NCT number NCT03575507
Other study ID # BTL-Buttocks_002
Secondary ID
Status Withdrawn
Phase N/A
First received
Last updated
Start date June 1, 2017
Est. completion date May 20, 2020

Study information

Verified date May 2020
Source BTL Industries Ltd.
Contact n/a
Is FDA regulated No
Health authority
Study type Interventional

Clinical Trial Summary

This study will evaluate the clinical safety and patient satisfaction with the high power magnet system for the aesthetic improvement of buttocks. The study is a prospective multi-center open-label single-arm study. The subjects will be enrolled and assigned into a single study group. Subjects will be required to complete four (4) treatment visits and three follow-up visits - 1 month, 3 months and 12 months after the final treatment. Study will be conducted at several study sites.
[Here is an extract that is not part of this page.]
(* Let $G$, $H$, the supervisors with $\Sigma_{o,i},\Sigma_{c,i},N_{o,i}$, a controllable event $\sigma\in\Sigma_c$, $N=\max\{N_{o,i}:i\in I^c(\sigma)\}$, and the verifier $V^N_\sigma$ with reachable state set $X^N_\sigma$ be as in the context. Then the following are equivalent: (a) for every $s\in\mathcal{L}(H)$ with $|s|\ge N$, if $s\sigma\in\mathcal{L}(G)\setminus\mathcal{L}(H)$ then for every $(s_i)_{i\in I^c(\sigma)}\in\mathcal{T}^{\sigma}_{conf}(s)$ there exists $i\in I^c(\sigma)$ with $s_i\sigma\notin\mathcal{L}(H^{aug}_{N_{o,i}})$; (b) there is no state $(q,(q_i)_{i\in I^c(\sigma)},N)\in X^N_\sigma$ with $\sigma\in\Gamma(q)\setminus\Gamma_H(q)$ and $\sigma\in\Gamma^{aug}_{H,N_{o,i}}(q_i)$ for all $i\in I^c(\sigma)$.
   Context: $G=(Q,\Sigma,\delta,\Gamma,q_0,Q_m)$ is a deterministic finite automaton (transition function extended to strings; $\Gamma(q)$ = set of events defined at $q$; $\mathcal{L}(G)$ its generated language). $H=(Q_H,\Sigma,\delta_H,\Gamma_H,q_0,Q_{m,H})$ is a sub-automaton of $G$. For a string $s$, $|s|$ is its length, $s_{-m}$ its prefix of length $\max\{0,|s|-m\}$, $\Sigma^{\le M}$ the strings of length at most $M$. Supervisors $I=\{1,\dots,n\}$: supervisor $i$ has observable events $\Sigma_{o,i}$, $\Sigma_{uo,i}=\Sigma\setminus\Sigma_{o,i}$, controllable events $\Sigma_{c,i}$, delay bound $N_{o,i}\in\mathbb{N}$; $\Sigma_c=\bigcup_i\Sigma_{c,i}$, $I^c(\sigma)=\{i:\sigma\in\Sigma_{c,i}\}$. $P_i$ is natural projection onto $\Sigma_{o,i}^*$; $\Theta_i^{N_{o,i}}(s)=\{P_i(s_{-m}):0\le m\le N_{o,i}\}$. For $s\in\mathcal{L}(H)$, $\mathcal{T}^\sigma_{conf}(s)$ is the set of tuples $(s_i)_{i\in I^c(\sigma)}$ with $P_i(s_i)\in\Theta_i^{N_{o,i}}(s)$ for all $i\in I^c(\sigma)$. Augmented automaton $H^{aug}_N$: states $Q_H\cup\{q_{dis}\}$, initial state $q_0$; for $q\in Q_H$, $e\in\Sigma$: $\delta^{aug}(q,e)=\delta_H(q,e)$ if $e\in\Gamma_H(q)$, $=q_{dis}$ if $e\notin\Gamma_H(q)$ and $e\in\Gamma_H(\delta_H(q,s'))$ for some $s'\in\Sigma^{\le N}$ with $\delta_H(q,s')$ defined, undefined otherwise; $q_{dis}$ has no outgoing transitions; $\Gamma^{aug}_{H,N}(q)$ is the set of events defined at $q$ in $H^{aug}_N$. Let $\Xi$ be the set of tuples $(q,(q_i)_{i\in I^c(\sigma)})$ such that there exist $t\in\mathcal{L}(H)$ with $q=\delta_H(q_0,t)$ and, for each $i\in I^c(\sigma)$, $s_i\in\mathcal{L}(H)$ with $q_i=\delta_H(q_0,s_i)$ and $P_i(s_i)=P_i(t)$. Verifier $V^N_\sigma$: states are tuples $(q,(q_i)_{i\in I^c(\sigma)},d)$ with $q,q_i\in Q_H$, $d\in[0,N]$; set of initial states $\{(q,(q_i)_i,0):(q,(q_i)_i)\in\Xi\}$. At a state $(q,(q_i)_i,d)$ and for $e\in\Sigma$, each $i\in I^c(\sigma)$ falls in one case: D1: $N-d>N_{o,i}$, $e\in\Sigma_{o,i}$; D2: $N-d>N_{o,i}$, $e\in\Sigma_{uo,i}$; D3: $N-d\le N_{o,i}$, $\sigma\notin\Gamma^{aug}_{H,N_{o,i}}(q_i)$, $e\in\Sigma_{o,i}$; D4: $N-d\le N_{o,i}$, $\sigma\notin\Gamma^{aug}_{H,N_{o,i}}(q_i)$, $e\in\Sigma_{uo,i}$; D5: $N-d\le N_{o,i}$, $\sigma\in\Gamma^{aug}_{H,N_{o,i}}(q_i)$. Type-1 transition: if $d+1\le N$, $\delta_H(q,e)$ is defined, and $\delta_H(q_i,e)$ is defined for every $i$ in case D1 or D3, there is a transition to $(\delta_H(q,e),(q_i')_i,d+1)$ with $q_i'=\delta_H(q_i,e)$ for $i$ in D1 or D3 and $q_i'=q_i$ otherwise. Type-2 transition: for each $i$ in case D2 or D4 with $\delta_H(q_i,e)$ defined, there is a transition to the state obtained by replacing $q_i$ by $\delta_H(q_i,e)$, all other components unchanged. $X^N_\sigma$ is the set of states reachable from the initial states. *)

theory Defs
  imports Main
begin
At the baseline visit, subject's weight will be recorded.

The treatment administration phase will consist of four (4) treatments, delivered twice a week. The applicator will be applied over the gluteal area. Visible contractions will be induced by the device.

At the last therapy visit, the subject's weight will be recorded. In addition, subjects will receive Subject Satisfaction Questionnaire to fill in.

Safety measures will include documentation of adverse events (AE) including subject's experience of pain or discomfort after the procedure. Following each treatment administration and at the follow-up visits, subjects will be checked for immediate post-procedure adverse event assessment.

Post-procedure evaluation (follow-up visits) will be conducted 1 month, 3 months and 12 months after the final treatment. A weight measure will be conducted. Also, subject's satisfaction will be noted.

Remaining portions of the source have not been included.